Among the entries below, how many lines hold the word "inter"? Reply with the number only.

[Saved data entries]
....

lemma norm_sq_drift_step_le:
  fixes x y z :: "'b::real_inner" and \<gamma> c :: real
  assumes \<gamma>: "0 \<le> \<gamma>" and drift: "inner x y \<le> - c * (norm x)\<^sup>2"
  shows "(norm (x + \<gamma> *\<^sub>R y + \<gamma> *\<^sub>R z))\<^sup>2
    \<le> exp (- 2 * c * \<gamma>) * (norm x)\<^sup>2 + 2 * \<gamma> * inner x z + 2 * \<gamma>\<^sup>2 * ((norm y)\<^sup>2 + (norm z)\<^sup>2)"
proof -
  define X where "X = (norm x)\<^sup>2"
  define R where "R = (norm y)\<^sup>2 + (norm z)\<^sup>2"
  have square: "inner (x + v) (x + v) = inner x x + 2 * inner x v + inner v v" for v
    by (simp add: inner_add_left inner_add_right inner_commute[of v x])
  have "(norm (x + \<gamma> *\<^sub>R y + \<gamma> *\<^sub>R z))\<^sup>2 = inner (x + \<gamma> *\<^sub>R (y + z)) (x + \<gamma> *\<^sub>R (y + z))"
    by (simp add: power2_norm_eq_inner scaleR_right_distrib add.assoc)
  also have "\<dots> = inner x x + 2 * inner x (\<gamma> *\<^sub>R (y + z)) + inner (\<gamma> *\<^sub>R (y + z)) (\<gamma> *\<^sub>R (y + z))"
    by (rule square)
  also have "\<dots> = inner x x + 2 * \<gamma> * inner x y + 2 * \<gamma> * inner x z + \<gamma>\<^sup>2 * inner (y + z) (y + z)"
    by (simp add: inner_add_right power2_eq_square distrib_left)
  finally have expand: "(norm (x + \<gamma> *\<^sub>R y + \<gamma> *\<^sub>R z))\<^sup>2
      = X + 2 * \<gamma> * inner x y + 2 * \<gamma> * inner x z + \<gamma>\<^sup>2 * (norm (y + z))\<^sup>2"
    unfolding X_def by (simp add: power2_norm_eq_inner)
  have "(norm (y + z))\<^sup>2 \<le> (norm y + norm z)\<^sup>2"
    by (rule power_mono[OF norm_triangle_ineq norm_ge_zero])
  also have "\<dots> \<le> 2 * R"
    unfolding R_def using sum_squares_bound[of "norm y" "norm z"] by (simp add: power2_sum)
  finally have "\<gamma>\<^sup>2 * (norm (y + z))\<^sup>2 \<le> \<gamma>\<^sup>2 * (2 * R)"
    by (rule mult_left_mono) simp
  moreover have "\<gamma>\<^sup>2 * (2 * R) = 2 * \<gamma>\<^sup>2 * R" by (simp add: mult_ac)
  moreover have "2 * \<gamma> * inner x y \<le> 2 * \<gamma> * (- c * X)"
    unfolding X_def using drift \<gamma> by (intro mult_left_mono) auto
  moreover have "2 * \<gamma> * (- c * X) = - (2 * c * \<gamma> * X)" by (simp add: mult_ac)
  moreover have "(1 - 2 * c * \<gamma>) * X \<le> exp (- 2 * c * \<gamma>) * X"
    unfolding X_def using exp_ge_add_one_self[of "- 2 * c * \<gamma>"] by (intro mult_right_mono) auto
  moreover have "(1 - 2 * c * \<gamma>) * X = X - 2 * c * \<gamma> * X" by (simp add: left_diff_distrib)
  ultimately show ?thesis unfolding expand X_def[symmetric] R_def[symmetric] by linarith
qed

lemma le_telescoping_sum:
  fixes u a :: "nat \<Rightarrow> 'b::ordered_comm_monoid_add"
  assumes "\<And>n. 1 \<le> n \<Longrightarrow> n \<le> N \<Longrightarrow> u n \<le> u (n - 1) + a n"
  shows "u N \<le> u 0 + (\<Sum>n\<in>{1..N}. a n)"
  using assms
proof (induction N)
  case (Suc N)
  have "u (Suc N) \<le> u N + a (Suc N)" using Suc.prems[of "Suc N"] by simp
  also have "\<dots> \<le> u 0 + (\<Sum>n\<in>{1..N}. a n) + a (Suc N)"
    using Suc by (intro add_right_mono) simp
  finally show ?case by (simp add: add.assoc)
qed simp

lemma locally_bounded_imp_bounded_image:
  fixes g :: "'b::metric_space \<Rightarrow> 'c::metric_space"
  assumes "\<And>x. \<exists>e>0. bounded (g ` ball x e)" and "compact K"
  shows "bounded (g ` K)"
proof -
  obtain e where e: "\<And>x. 0 < e x \<and> bounded (g ` ball x (e x))" using assms(1) by metis
  note \<open>compact K\<close>
  moreover have "\<And>x. x \<in> K \<Longrightarrow> open (ball x (e x))" by simp
  moreover have "K \<subseteq> (\<Union>x\<in>K. ball x (e x))"
  proof
    fix x assume "x \<in> K"
    moreover have "x \<in> ball x (e x)" using e[of x] by simp
    ultimately show "x \<in> (\<Union>x\<in>K. ball x (e x))" by blast
  qed
  ultimately obtain C where C: "C \<subseteq> K" "finite C" "K \<subseteq> (\<Union>x\<in>C. ball x (e x))"
    by (rule compactE_image)
  have "bounded (\<Union>x\<in>C. g ` ball x (e x))" using C(2) e by (intro bounded_UN) auto
  moreover have "g ` K \<subseteq> (\<Union>x\<in>C. g ` ball x (e x))" using C(3) by blast
  ultimately show ?thesis by (rule bounded_subset)
qed

lemma sum_le_sum_vanishing_outside:
  fixes f g :: "'b \<Rightarrow> real"
  assumes "finite A" "finite B" "\<And>n. n \<in> A \<Longrightarrow> n \<notin> B \<Longrightarrow> f n = 0"
    "\<And>n. n \<in> A \<Longrightarrow> n \<in> B \<Longrightarrow> f n \<le> g n" "\<And>n. n \<in> B \<Longrightarrow> 0 \<le> g n"
  shows "sum f A \<le> sum g B"
proof -
  have "sum f A = sum f (A \<inter> B)"
    using assms(1,3) by (intro sum.mono_neutral_right) auto
  also have "\<dots> \<le> sum g (A \<inter> B)" using assms(4) by (intro sum_mono) auto
  also have "\<dots> \<le> sum g B" using assms(2,5) by (intro sum_mono2) auto
  finally show ?thesis .
qed

lemma bdd_above_image_iff_nat_bound:
  fixes f :: "'b \<Rightarrow> real"
  shows "bdd_above (f ` A) \<longleftrightarrow> (\<exists>B::nat. \<forall>n\<in>A. f n \<le> real B)"
proof
  assume "bdd_above (f ` A)"
  then obtain B where "\<And>n. n \<in> A \<Longrightarrow> f n \<le> B" unfolding bdd_above_def by auto
  then show "\<exists>B::nat. \<forall>n\<in>A. f n \<le> real B"
    using real_nat_ceiling_ge[of B] by (intro exI[of _ "nat \<lceil>B\<rceil>"]) (auto intro: order_trans)
qed (auto simp: bdd_above_def)

lemma min_one_le_split:
  fixes x v z \<epsilon> :: real
  assumes \<epsilon>: "0 < \<epsilon>" and x: "x\<^sup>2 \<le> v + z"
  shows "min 1 x \<le> \<epsilon> + of_bool (\<epsilon>\<^sup>2 / 2 \<le> v) + (z / (\<epsilon>\<^sup>2 / 2))\<^sup>2"
proof (cases "x \<le> \<epsilon> \<or> \<epsilon>\<^sup>2 / 2 \<le> v")
  case True
  then have "min 1 x \<le> \<epsilon> + of_bool (\<epsilon>\<^sup>2 / 2 \<le> v)" using \<epsilon> by (auto simp: min_def)
  moreover have "0 \<le> (z / (\<epsilon>\<^sup>2 / 2))\<^sup>2" by simp
  ultimately show ?thesis by linarith
next
  case False
  then have "\<epsilon>\<^sup>2 < x\<^sup>2" using \<epsilon> by (intro power_strict_mono) auto
  then have "1 < z / (\<epsilon>\<^sup>2 / 2)" using x False \<epsilon> by (simp add: field_simps)
  then have "1 < (z / (\<epsilon>\<^sup>2 / 2))\<^sup>2" by (simp add: one_less_power)
  then show ?thesis using False \<epsilon> by (auto simp: min_def)
qed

....

The completed task:
2